В ответ я только хмыкаю. Зеленые куртки пропадают из поля зрения. Вуги смотрит на высокий шпиль мэрии, виднеющийся даже издалека.
– Лучше бы митинг. – Что-то колючее чувствуется в его тоне. – Кое-кому не помешает встряска. В последнее время они совсем…
– Вуги, перестань, – довольно резко одергивает его Элм.
Он затыкается и пожимает плечами, буркнув: «Да я-то вообще уже мертв, мне плевать». Я бы, пожалуй, хотела, чтобы он продолжил. Потому что он прав, именно поэтому Элм бесится.
У нашего мэра есть целых две крайне сомнительных опоры в законодательной ветке власти. Партия Единства и партия Свободы. «Единоличники» и «свободные», с одинаково красными знаменами и чуть разными черными эмблемами на них. И… чуть разным хламом в головах.

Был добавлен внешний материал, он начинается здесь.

(* Let $(G_k)_{k\in\mathbb Z}$ be a gibonacci sequence. For every positive integer $n$ and every integer $t$, \begin{equation*} \begin{split} 44\sum_{j = 1}^n G_{j + t}^5 &= -\left(G_{n + t + 3}^5 - G_{t + 3}^5\right) + 7\left(G_{n + t + 2}^5 - G_{t + 2}^5\right) + 47\left(G_{n + t + 1}^5 - G_{t + 1}^5\right)\\ &\qquad + 31\left(G_{n + t}^5 - G_t^5\right) - 9\left(G_{n + t - 1}^5 - G_{t - 1}^5\right) - \left(G_{n + t - 2}^5 - G_{t - 2}^5\right) \end{split} \end{equation*} and \begin{equation*} \begin{split} 44\sum_{j = 1}^n (-1)^{j - 1}G_{j + t}^5 &= -\left((-1)^{n + 1}G_{n + t + 3}^5 + G_{t + 3}^5\right) + 9\left((-1)^{n + 1}G_{n + t + 2}^5 + G_{t + 2}^5\right)\\ &\quad + 31\left((-1)^{n + 1}G_{n + t + 1}^5 + G_{t + 1}^5\right) - 47\left((-1)^{n + 1}G_{n + t}^5 + G_t^5\right)\\ &\quad + 7\left((-1)^{n + 1}G_{n + t - 1}^5 + G_{t - 1}^5\right) + \left((-1)^{n + 1}G_{n + t - 2}^5 + G_{t - 2}^5\right). \end{split} \end{equation*}
   Context: A gibonacci sequence $(G_k)_{k\in\mathbb Z}$ is defined by arbitrary initial values $G_0=a$, $G_1=b$ (numbers, not both zero) and $G_k=G_{k-1}+G_{k-2}$ for all integers $k$ (equivalently $G_{-k}=G_{-(k-2)}-G_{-(k-1)}$ extends it to negative indices). *)

theory Defs
  imports Complex_Main
begin

definition gibonacci :: "(int \<Rightarrow> complex) \<Rightarrow> bool" where
  "gibonacci G \<longleftrightarrow> (G 0 \<noteq> 0 \<or> G 1 \<noteq> 0) \<and> (\<forall>k::int. G k = G (k - 1) + G (k - 2))"

end

theory Submission
  imports Defs
begin

text \<open>The fifth powers \<open>u k = G(k)^5\<close> of a gibonacci sequence satisfy the linear recurrence
  with characteristic polynomial \<open>p x = x^6 - 8x^5 - 40x^4 + 60x^3 + 40x^2 - 8x - 1\<close>, whose roots
  are the products \<open>\<phi>^i \<psi>^(5-i)\<close>. Since \<open>p 1 = 44\<close> and \<open>p (-1) = -44\<close>, dividing \<open>p\<close> with
  remainder by \<open>x - 1\<close> and by \<open>x + 1\<close> yields combinations \<open>F\<close> and \<open>A\<close> of six
  consecutive fifth powers with \<open>F k - F (k - 1) = 44 u k\<close> and \<open>A k + A (k - 1) = 44 u k\<close>.
  The two sums therefore telescope, to \<open>F (n + t) - F t\<close> and to \<open>A t + (-1)^(n+1) A (n + t)\<close>.\<close>

lemma sum_telescope_int_shift:
  fixes f :: "int \<Rightarrow> 'a::ab_group_add"
  shows "(\<Sum>j=1..n. f (int j + t) - f (int j + t - 1)) = f (int n + t) - f t"
  by (induction n) (simp_all add: algebra_simps)

lemma sum_alternating_telescope_int_shift:
  fixes f :: "int \<Rightarrow> 'a::comm_ring_1"
  shows "(\<Sum>j=1..n. (-1) ^ (j - 1) * (f (int j + t) + f (int j + t - 1)))
           = f t + (-1) ^ (n + 1) * f (int n + t)"
  by (induction n) (simp_all add: algebra_simps)

lemma gibonacci_recurrence:
  assumes "gibonacci G"
  shows "G (k + 2) = G (k + 1) + G k"
  using assms unfolding gibonacci_def by (metis add_diff_cancel_right' diff_diff_eq one_add_one)

lemma fibonacci_recurrence_window:
  fixes G :: "int \<Rightarrow> 'a::comm_ring_1"
  assumes rec: "\<And>k. G (k + 2) = G (k + 1) + G k"
  shows "G (k - 3) = 2 * G (k - 1) - G k"
    and "G (k - 2) = G k - G (k - 1)"
    and "G (k + 1) = G (k - 1) + G k"
    and "G (k + 2) = G (k - 1) + 2 * G k"
    and "G (k + 3) = 2 * G (k - 1) + 3 * G k"
  using rec[of "k - 3"] rec[of "k - 2"] rec[of "k - 1"] rec[of k] rec[of "k + 1"]
  by (simp_all add: algebra_simps)

lemma fibonacci_fifth_power_recurrence:
  fixes G :: "int \<Rightarrow> 'a::comm_ring_1"
  assumes rec: "\<And>k. G (k + 2) = G (k + 1) + G k"
  shows "G (k + 3) ^ 5 - 8 * G (k + 2) ^ 5 - 40 * G (k + 1) ^ 5 + 60 * G k ^ 5
           + 40 * G (k - 1) ^ 5 - 8 * G (k - 2) ^ 5 - G (k - 3) ^ 5 = 0"
proof -
  define a b where "a = G (k - 1)" and "b = G k"
  have "(2 * a + 3 * b) ^ 5 - 8 * (a + 2 * b) ^ 5 - 40 * (a + b) ^ 5 + 60 * b ^ 5
          + 40 * a ^ 5 - 8 * (b - a) ^ 5 - (2 * a - b) ^ 5 = 0"
    by (simp add: algebra_simps power_numeral_reduce)
  then show ?thesis
    unfolding a_def b_def fibonacci_recurrence_window[OF rec, of k] .
qed

definition fifth_power_primitive :: "(int \<Rightarrow> 'a::comm_ring_1) \<Rightarrow> int \<Rightarrow> 'a" where
  "fifth_power_primitive G k =
     - (G (k + 3) ^ 5) + 7 * G (k + 2) ^ 5 + 47 * G (k + 1) ^ 5 + 31 * G k ^ 5
     - 9 * G (k - 1) ^ 5 - G (k - 2) ^ 5"

definition alternating_fifth_power_primitive :: "(int \<Rightarrow> 'a::comm_ring_1) \<Rightarrow> int \<Rightarrow> 'a" where
  "alternating_fifth_power_primitive G k =
     - (G (k + 3) ^ 5) + 9 * G (k + 2) ^ 5 + 31 * G (k + 1) ^ 5 - 47 * G k ^ 5
     + 7 * G (k - 1) ^ 5 + G (k - 2) ^ 5"

lemma fifth_power_primitive_diff:
  fixes G :: "int \<Rightarrow> 'a::comm_ring_1"
  assumes rec: "\<And>k. G (k + 2) = G (k + 1) + G k"
  shows "fifth_power_primitive G k - fifth_power_primitive G (k - 1) = 44 * G k ^ 5"
  using fibonacci_fifth_power_recurrence[OF rec, of k]
  by (simp add: fifth_power_primitive_def algebra_simps)

lemma alternating_fifth_power_primitive_add:
  fixes G :: "int \<Rightarrow> 'a::comm_ring_1"
  assumes rec: "\<And>k. G (k + 2) = G (k + 1) + G k"
  shows "alternating_fifth_power_primitive G k + alternating_fifth_power_primitive G (k - 1)
           = 44 * G k ^ 5"
  using fibonacci_fifth_power_recurrence[OF rec, of k]
  by (simp add: alternating_fifth_power_primitive_def algebra_simps)

theorem proposition1:
  fixes G :: "int \<Rightarrow> complex" and n :: nat and t :: int
  assumes "gibonacci G" and "n \<ge> 1"
  shows "(44 * (\<Sum>j=1..n. G (int j + t) ^ 5) =
           - (G (int n + t + 3) ^ 5 - G (t + 3) ^ 5)
           + 7 * (G (int n + t + 2) ^ 5 - G (t + 2) ^ 5)
           + 47 * (G (int n + t + 1) ^ 5 - G (t + 1) ^ 5)
           + 31 * (G (int n + t) ^ 5 - G t ^ 5)
           - 9 * (G (int n + t - 1) ^ 5 - G (t - 1) ^ 5)
           - (G (int n + t - 2) ^ 5 - G (t - 2) ^ 5)) \<and>
         (44 * (\<Sum>j=1..n. (-1) ^ (j - 1) * G (int j + t) ^ 5) =
           - ((-1) ^ (n + 1) * G (int n + t + 3) ^ 5 + G (t + 3) ^ 5)
           + 9 * ((-1) ^ (n + 1) * G (int n + t + 2) ^ 5 + G (t + 2) ^ 5)
           + 31 * ((-1) ^ (n + 1) * G (int n + t + 1) ^ 5 + G (t + 1) ^ 5)
           - 47 * ((-1) ^ (n + 1) * G (int n + t) ^ 5 + G t ^ 5)
           + 7 * ((-1) ^ (n + 1) * G (int n + t - 1) ^ 5 + G (t - 1) ^ 5)
           + ((-1) ^ (n + 1) * G (int n + t - 2) ^ 5 + G (t - 2) ^ 5))"
proof -
  have rec: "\<And>k. G (k + 2) = G (k + 1) + G k"
    using gibonacci_recurrence[OF assms(1)] .
  have "44 * (\<Sum>j=1..n. G (int j + t) ^ 5)
      = (\<Sum>j=1..n. fifth_power_primitive G (int j + t) - fifth_power_primitive G (int j + t - 1))"
    by (simp add: sum_distrib_left fifth_power_primitive_diff[OF rec])
  also have "\<dots> = fifth_power_primitive G (int n + t) - fifth_power_primitive G t"
    by (rule sum_telescope_int_shift)
  finally have sum: "44 * (\<Sum>j=1..n. G (int j + t) ^ 5)
      = fifth_power_primitive G (int n + t) - fifth_power_primitive G t" .
  have "44 * (\<Sum>j=1..n. (-1) ^ (j - 1) * G (int j + t) ^ 5)
      = (\<Sum>j=1..n. (-1) ^ (j - 1) * (alternating_fifth_power_primitive G (int j + t)
                                       + alternating_fifth_power_primitive G (int j + t - 1)))"
    by (simp add: sum_distrib_left alternating_fifth_power_primitive_add[OF rec] algebra_simps)
  also have "\<dots> = alternating_fifth_power_primitive G t
                      + (-1) ^ (n + 1) * alternating_fifth_power_primitive G (int n + t)"
    by (rule sum_alternating_telescope_int_shift)
  finally have alternating_sum: "44 * (\<Sum>j=1..n. (-1) ^ (j - 1) * G (int j + t) ^ 5)
      = alternating_fifth_power_primitive G t
        + (-1) ^ (n + 1) * alternating_fifth_power_primitive G (int n + t)" .
  show ?thesis
    unfolding sum alternating_sum fifth_power_primitive_def alternating_fifth_power_primitive_def
    by (simp add: algebra_simps)
qed

end
(* Let $g(n) = \frac{(\log n)^2}{n} f(n)$, let \[ L = \liminf_{k\to\infty} \frac{\log(R(k,k))}{k} \quad\text{and}\quad M = \limsup_{t\to\infty} \max_{1 \le s \le t} \frac{\log(R(s,t))}{\sqrt{st}}. \] Then \[ \liminf_{n\to\infty} g(n) \ge L^2 \quad\text{and}\quad \limsup_{n\to\infty} g(n) \ge M^2. \]
   Context: All logarithms are in base 2. For positive integers $s,t$, the Ramsey number $R(s,t)$ is the minimum $n$ such that every red/blue edge-coloring of the complete graph $K_n$ contains a red clique on $s$ vertices or a blue clique on $t$ vertices. For a graph $G$, $\chi(G)$ is its chromatic number and $\omega(G)$ its clique number. For $n \in \mathbb{N}$, $f(n)$ is the maximum of $\chi(G)/\omega(G)$ over all graphs $G$ on $n$ vertices. *)

theory Defs
  imports Complex_Main "HOL-Library.Extended_Real" "HOL-Library.Liminf_Limsup"
begin

definition is_graph :: "nat \<Rightarrow> nat set set \<Rightarrow> bool" where
  "is_graph n E \<longleftrightarrow> (\<forall>e\<in>E. e \<subseteq> {..<n} \<and> card e = 2)"

definition chromatic_number :: "nat \<Rightarrow> nat set set \<Rightarrow> nat" where
  "chromatic_number n E = (LEAST k. \<exists>c::nat \<Rightarrow> nat.
      (\<forall>v<n. c v < k) \<and> (\<forall>u v. {u, v} \<in> E \<longrightarrow> c u \<noteq> c v))"

definition is_clique :: "nat set set \<Rightarrow> nat set \<Rightarrow> bool" where
  "is_clique E S \<longleftrightarrow> (\<forall>u\<in>S. \<forall>v\<in>S. u \<noteq> v \<longrightarrow> {u, v} \<in> E)"

definition clique_number :: "nat \<Rightarrow> nat set set \<Rightarrow> nat" where
  "clique_number n E = Max {card S | S. S \<subseteq> {..<n} \<and> is_clique E S}"

definition f_ratio :: "nat \<Rightarrow> real" where
  "f_ratio n = Max {real (chromatic_number n E) / real (clique_number n E) | E. is_graph n E}"

definition g_fun :: "nat \<Rightarrow> real" where
  "g_fun n = (log 2 (real n))\<^sup>2 / real n * f_ratio n"

text \<open>Ramsey number R(s,t): colour True = red, False = blue, on the edges of K_n
  (vertex set {0..<n}).\<close>
definition ramsey :: "nat \<Rightarrow> nat \<Rightarrow> nat" where
  "ramsey s t = (LEAST n. \<forall>c :: nat set \<Rightarrow> bool.
      (\<exists>S\<subseteq>{..<n}. card S = s \<and> (\<forall>u\<in>S. \<forall>v\<in>S. u \<noteq> v \<longrightarrow> c {u, v})) \<or>
      (\<exists>T\<subseteq>{..<n}. card T = t \<and> (\<forall>u\<in>T. \<forall>v\<in>T. u \<noteq> v \<longrightarrow> \<not> c {u, v})))"

definition L_const :: ereal where
  "L_const = liminf (\<lambda>k. ereal (log 2 (real (ramsey k k)) / real k))"

definition M_const :: ereal where
  "M_const = limsup (\<lambda>t. ereal (Max ((\<lambda>s. log 2 (real (ramsey s t)) / sqrt (real s * real t)) ` {1..t})))"

end

theory Submission
  imports Defs "HOL-Library.Ramsey"
begin

text \<open>If n < R(s,t), some red/blue colouring of K_n has neither a red K_s nor a blue K_t.
  Its red graph has clique number at most s - 1 and independence number at most t - 1,
  hence chromatic number at least n/(t - 1); so f(n) \<ge> n/((s-1)(t-1)) and
  g(n) \<ge> (log n)^2/((s-1)(t-1)). For the liminf, every large n lies in [R(j,j), R(j+1,j+1))
  for some large j, which gives g(n) \<ge> (log R(j,j) / j)^2, eventually above a^2 for every a < L.
  For the limsup, n = R(s,t) - 1 gives g(n) \<ge> (log R(s,t) - 1)^2/(st), and for every b < M
  there are arbitrarily large t and s \<le> t for which this bound is at least b^2.\<close>

definition arrows :: "nat \<Rightarrow> nat \<Rightarrow> nat \<Rightarrow> bool" where
  "arrows n s t \<longleftrightarrow> (\<forall>c :: nat set \<Rightarrow> bool.
      (\<exists>S\<subseteq>{..<n}. card S = s \<and> (\<forall>u\<in>S. \<forall>v\<in>S. u \<noteq> v \<longrightarrow> c {u, v})) \<or>
      (\<exists>T\<subseteq>{..<n}. card T = t \<and> (\<forall>u\<in>T. \<forall>v\<in>T. u \<noteq> v \<longrightarrow> \<not> c {u, v})))"

lemma ramsey_eq_Least_arrows: "ramsey s t = (LEAST n. arrows n s t)"
  unfolding ramsey_def arrows_def ..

«Единоличники» у руля, и они всегда там были: на выборах они получают большинство. Та половина населения, которая считает долгом проголосовать, верит в них – в вялые инициативы в медицине, оборонке и образовании, во всем, что знаменует собой стабильность. Верит намного сильнее, чем в теоретически существующую планету Землю и теоретически существующие города без темноты и белых тварей. Наши горожане вообще довольно терпеливы, их достаточно вовремя кормить и по возможности не пугать. Не дергать по пустякам, не забивать головы. И ставлю сотню долларов на то, что вторая партия никогда не получит перевеса. «Свободные» в качестве альтернативы чаще всего орут, что надо что-то делать: именно поэтому при их упоминании в прессе ставят кавычки. Несмотря на шум, никакая «свобода» не приближается. Так было, сколько я себя помню, и я никогда не сомневалась, что так будет дальше. Но… в книгах перемены часто начинаются с трех слов. «В последнее время…».
«В последнее время» – не название новой эпохи. «В последнее время» разлито по улицам, из-за него кажется, что мир немного… сдвигается. «В последнее время» прокрадывается в мысли и сны, и, как бы я ни старалась, не замечать этого не получается. Оно близко – это «В последнее время». Дышит в затылок. Надеюсь, у него нет ствола. В последнее время… в партии Свободы что-то происходит. Это показатель, учитывая, что в наших партиях обычно не происходит ничего.